Wednesday, June 24, 2009

A Continuation

So where we left off of was that Ben wanted to meet the guy I was dating, Jared. Of course I refused. Ironically, we were sitting on the grass between his (meaning Jared's) hall and my own. A couple days past and one of my friends came up to me, who's name was also Jared, and told me how one of my friends was being creepy. I gave him a slightly confused expression and he continued to explain how Ben added all my Jared's on Facebook as his friends asking if any of them were dating me. I was beyond anger. What continues to be ironic is my Jared didn't have a Facebook at the time anyway. I marched to my computer and instantly deleted Ben as a friend. I even texted him saying what a stalker he was being. He answered me with various choice words. One of my good friends started texting Ben for me and saying things like, "don't come near her again or else". Ben didn't seem to appreciate that much so he called up my friend and they started arguing.
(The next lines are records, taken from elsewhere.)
text \<open>Energy method. Integration by parts gives the summation-by-parts property
  \<open>Q\<^sub>x + Q\<^sub>x\<^sup>T = B\<close>, so \<open>U\<^sup>T Q\<^sub>x U = (u\<^sub>p\<^sup>2 - u\<^sub>0\<^sup>2)/2\<close>, while
  \<open>U\<^sup>T Q\<^sub>x\<^sub>x U\<close> is the boundary flux \<open>\<epsilon>\<^sub>p u\<^sub>p (D\<^sub>xU)\<^sub>p - \<epsilon>\<^sub>0 u\<^sub>0 (D\<^sub>xU)\<^sub>0\<close> minus the
  dissipation \<open>(\<surd>E D\<^sub>xU)\<^sup>T P (\<surd>E D\<^sub>xU)\<close>. With \<open>\<sigma>\<^sub>0 = -1\<close>, \<open>\<sigma>\<^sub>p = 1\<close> and zero data the
  penalty terms cancel the diffusive boundary fluxes, leaving
  \<open>d/dt U\<^sup>T P U = -a (u\<^sub>0\<^sup>2 + u\<^sub>p\<^sup>2) - 2 (dissipation) \<le> -2 (dissipation)\<close>;
  integrating in time gives the estimate.\<close>

lemma mat_vec_mat_mul: "mat_vec p (mat_mul p A B) v = mat_vec p A (mat_vec p B v)"
proof (rule ext)
  fix i
  have "(\<Sum>j\<le>p. (\<Sum>l\<le>p. A i l * B l j) * v j) = (\<Sum>j\<le>p. \<Sum>l\<le>p. A i l * (B l j * v j))"
    by (simp add: sum_distrib_right mult.assoc)
  also have "\<dots> = (\<Sum>l\<le>p. \<Sum>j\<le>p. A i l * (B l j * v j))" by (rule sum.swap)
  also have "\<dots> = (\<Sum>l\<le>p. A i l * (\<Sum>j\<le>p. B l j * v j))" by (simp add: sum_distrib_left)
  finally show "mat_vec p (mat_mul p A B) v i = mat_vec p A (mat_vec p B v) i"
    by (simp add: mat_vec_def mat_mul_def)
qed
The funny thing is I was called different versions of a female dog and my friend finally asked what I did to Ben. Ben was unable to come up with anything. His only answer was, "Dude! You don't even know!" Obviously, I don't either. The next day I was sitting in my math class when another friend texted me to ask what the heck I did to Ben. Turns out Ben's Facebook status read something like, "F BYU, F Mormons, and F " I was slightly annoyed but I continued to ignore the guy completely.
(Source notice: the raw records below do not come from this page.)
lemma posi_add: "a \<in> posi B \<Longrightarrow> b \<in> posi B \<Longrightarrow> (\<lambda>w. a w + b w) \<in> posi B"
proof -
  assume "a \<in> posi B" "b \<in> posi B"
  then obtain m1 m2 :: nat and l1 l2 :: "nat \<Rightarrow> real" and h1 h2 where
    a: "1 \<le> m1" "\<forall>i<m1. 0 < l1 i \<and> h1 i \<in> B" "a = (\<lambda>w. \<Sum>i<m1. l1 i * h1 i w)"
    and b: "1 \<le> m2" "\<forall>i<m2. 0 < l2 i \<and> h2 i \<in> B" "b = (\<lambda>w. \<Sum>i<m2. l2 i * h2 i w)"
    unfolding posi_def by blast
  define l where "l i = (if i < m1 then l1 i else l2 (i - m1))" for i
  define h where "h i = (if i < m1 then h1 i else h2 (i - m1))" for i
  have "(\<lambda>w. a w + b w) = (\<lambda>w. \<Sum>i<m1 + m2. l i * h i w)"
    using a(3) b(3) by (simp add: sum_lessThan_add l_def h_def)
  moreover have "\<forall>i<m1 + m2. 0 < l i \<and> h i \<in> B"
    using a b by (auto simp: l_def h_def)
  ultimately show ?thesis using a(1) unfolding posi_def
    by (intro CollectI exI[of _ "m1 + m2"] exI[of _ l] exI[of _ h]) auto
qed

lemma posi_least:
  assumes "B \<subseteq> X"
    and add: "\<And>a b. a \<in> X \<Longrightarrow> b \<in> X \<Longrightarrow> (\<lambda>w. a w + b w) \<in> X"
    and scale: "\<And>a c. a \<in> X \<Longrightarrow> (c::real) > 0 \<Longrightarrow> (\<lambda>w. c * a w) \<in> X"
  shows "posi B \<subseteq> X"
proof -
  have "(\<lambda>w. \<Sum>i<m. lam i * h i w) \<in> X"
    if "m \<ge> 1" "\<forall>i<m. lam i > (0::real) \<and> h i \<in> B" for m :: nat and lam h
    using that
  proof (induction m rule: nat_induct_at_least)
    case base
    then show ?case using assms(1) scale by auto
  next
    case (Suc m)
    then have "(\<lambda>w. lam m * h m w) \<in> X" using assms(1) by (intro scale) auto
    with Suc show ?case using add by simp
  qed
  then show ?thesis unfolding posi_def by blast
qed

lemma posi_posi: "posi (posi B) \<subseteq> posi B"
  by (rule posi_least) (auto intro: posi_add posi_scale)

lemma posi_subset_gambles: "B \<subseteq> gambles \<Longrightarrow> posi B \<subseteq> gambles"
  by (rule posi_least) (auto intro: gambles_add gambles_scale)

lemma posi_gpos: "posi gpos \<subseteq> gpos"
  by (rule posi_least) (auto intro: gpos_add gpos_scale)

lemma EE_mono: "S \<subseteq> T \<Longrightarrow> EE S \<subseteq> EE T"
  unfolding EE_def by (rule posi_mono) blast

lemma posi_EE: "posi (EE S) \<subseteq> EE S"
  unfolding EE_def by (rule posi_posi)

lemma subset_EE: "S \<subseteq> EE S"
  unfolding EE_def using subset_posi by blast

lemma gpos_subset_EE: "gpos \<subseteq> EE S"
  unfolding EE_def using subset_posi by blast

lemma EE_upward:
  assumes "f \<in> EE S" "f \<in> gambles" "f' \<in> gambles" "\<forall>w. f w \<le> f' w"
  shows "f' \<in> EE S"
proof (cases "f' = f")
  case False
  then obtain w where "f' w \<noteq> f w" by auto
  with assms have "(\<lambda>w. f' w - f w) \<in> gpos"
    by (auto simp: gpos_iff gambles_diff less_le intro!: exI[of _ w])
  then have "(\<lambda>w. f' w - f w) \<in> posi (EE S)"
    using gpos_subset_EE subset_posi by (meson subsetD)
  moreover have "f \<in> posi (EE S)" using assms(1) subset_posi by blast
  ultimately have "(\<lambda>w. f w + (f' w - f w)) \<in> EE S"
    using posi_add posi_EE by blast
  then show ?thesis by simp
qed (use assms in simp)

lemma EE_cases:
  assumes "f \<in> EE S"
  shows "f \<in> gpos \<or> (\<exists>a\<in>posi S. \<forall>w. a w \<le> f w)"
proof -
  let ?X = "gpos \<union> {f. \<exists>a\<in>posi S. \<forall>w. a w \<le> f w}"
  have "posi (S \<union> gpos) \<subseteq> ?X"
  proof (rule posi_least)
    show "S \<union> gpos \<subseteq> ?X" using subset_posi[of S] by blast
  next
    fix x y assume x: "x \<in> ?X" and y: "y \<in> ?X"
    have nonneg: "0 \<le> u w" if "u \<in> gpos" for u w using that by (simp add: gpos_iff)
    show "(\<lambda>w. x w + y w) \<in> ?X"
    proof (cases "x \<in> gpos"; cases "y \<in> gpos")
      assume "x \<in> gpos" "y \<in> gpos"
      then show ?thesis by (simp add: gpos_add)
    next
      assume "x \<in> gpos" "y \<notin> gpos"
      with y obtain b where "b \<in> posi S" "\<forall>w. b w \<le> y w" by blast
      with nonneg[OF \<open>x \<in> gpos\<close>] show ?thesis by (auto intro!: bexI[of _ b] add_increasing)
    next
      assume "x \<notin> gpos" "y \<in> gpos"
      with x obtain a where "a \<in> posi S" "\<forall>w. a w \<le> x w" by blast
      with nonneg[OF \<open>y \<in> gpos\<close>] show ?thesis by (auto intro!: bexI[of _ a] add_increasing2)
    next
      assume "x \<notin> gpos" "y \<notin> gpos"
      with x y obtain a b where "a \<in> posi S" "\<forall>w. a w \<le> x w" "b \<in> posi S" "\<forall>w. b w \<le> y w"
        by blast
      then show ?thesis by (auto intro!: bexI[of _ "\<lambda>w. a w + b w"] posi_add add_mono)
    qed
  next
    fix x and c :: real assume "x \<in> ?X" "c > 0"
    then show "(\<lambda>w. c * x w) \<in> ?X"
    proof (elim UnE CollectE bexE)
      fix a assume "a \<in> posi S" "\<forall>w. a w \<le> x w"
      with \<open>c > 0\<close> show ?thesis by (auto intro!: bexI[of _ "\<lambda>w. c * a w"] posi_scale)
    qed (simp add: gpos_scale)
  qed
  then show ?thesis using assms unfolding EE_def by blast
qed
Fast forward seven months and Ben moves back to MN right abt the time that I'M going back to MN cause school is done with. Weird? A little. But Ben tries to get in contact with me through e-mail, texting, and various other ways. Don't fall for it.
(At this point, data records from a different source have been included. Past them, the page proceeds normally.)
lemma dPI4_upper_step:
  assumes b: "dPI_pos_solution 4 b" and "\<forall>m\<ge>M. L * dPI_root 4 m \<le> b m"
    and "2099 \<le> M" "M + 1 \<le> M'" "0 \<le> L" "1 \<le> T"
    and side: "4 * (T - 1) + T * L / 200000 \<le> 27 * (T\<^sup>2 + 2 * L * T - 3)"
  shows "\<forall>n\<ge>M'. b n \<le> T * dPI_root 4 n"
proof (intro allI impI)
  fix n assume "M' \<le> n"
  have "0 \<le> 4 * (T - 1) + T * L / 200000"
    using \<open>0 \<le> L\<close> \<open>1 \<le> T\<close> by simp
  then have "0 \<le> 27 * (T\<^sup>2 + 2 * L * T - 3)"
    using side by (rule order.trans)
  then have "0 \<le> T\<^sup>2 + 2 * L * T - 3"
    by simp
  then have "27 * (T\<^sup>2 + 2 * L * T - 3) \<le> dPI_root 4 n * (T\<^sup>2 + 2 * L * T - 3)"
    using dPI_root_4_ge_27[of n] \<open>M' \<le> n\<close> assms by (intro mult_right_mono) auto
  then show "b n \<le> T * dPI_root 4 n"
    using assms \<open>M' \<le> n\<close> dPI_root_4_concave_defect[of n]
    by (intro dPI_upper_bound_step[OF b, of n L T "1 / 200000"]) auto
qed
Fastforward a month later. I'm back in MN and randomly decide to go to Jeff's house. I walk upstairs unannounced, into my friends room where I see him and Ben. I missed my one awesome chance to punch the guy and I don't take it. It was awkward, but I decided not to have a hissy fit since it would create tension in our same group of friends. I leave and screamed in the car the whole way home. The next time we meet up it's like we're very cold acquaintances. We finally have a chance to talk briefly without being overheard and I ask, "So are we being friends again?"
"I dunno."
"Are you going to apologize?"
"For what? It's in the past."
"Cause it was uncalled for."
"You deleted me from facebook."
"You were stalkerish."
"I wanted to see what he looked like."
"I still want an apology."
"It's in the past."
"Do you care abt our friendship?"
"No, not really."
"Ok then." And then I walked away. I was SO proud of myself for not blowing up. I was talking to my brother abt it when the conversation was more fresh in my mind. He pretty much told me, from a guy's point of view how that was the "macho" way of saying let's move on without letting go of pride. Made sense. Doesn't mean I trust him (it's like saying fire wont burn), but I'm not going to create tension for others. Besides, Ben needs all the good influences he can possibly get. Someday, he'll realize he's not going where he wanted to go.

I just feel like the situation is so interesting. I'm a pretty trusting person, but I know when I don't like somebody. The problem is with Ben I can't hold grudges. Why is that? I've held onto other grudges for less. It's something I got to figure out.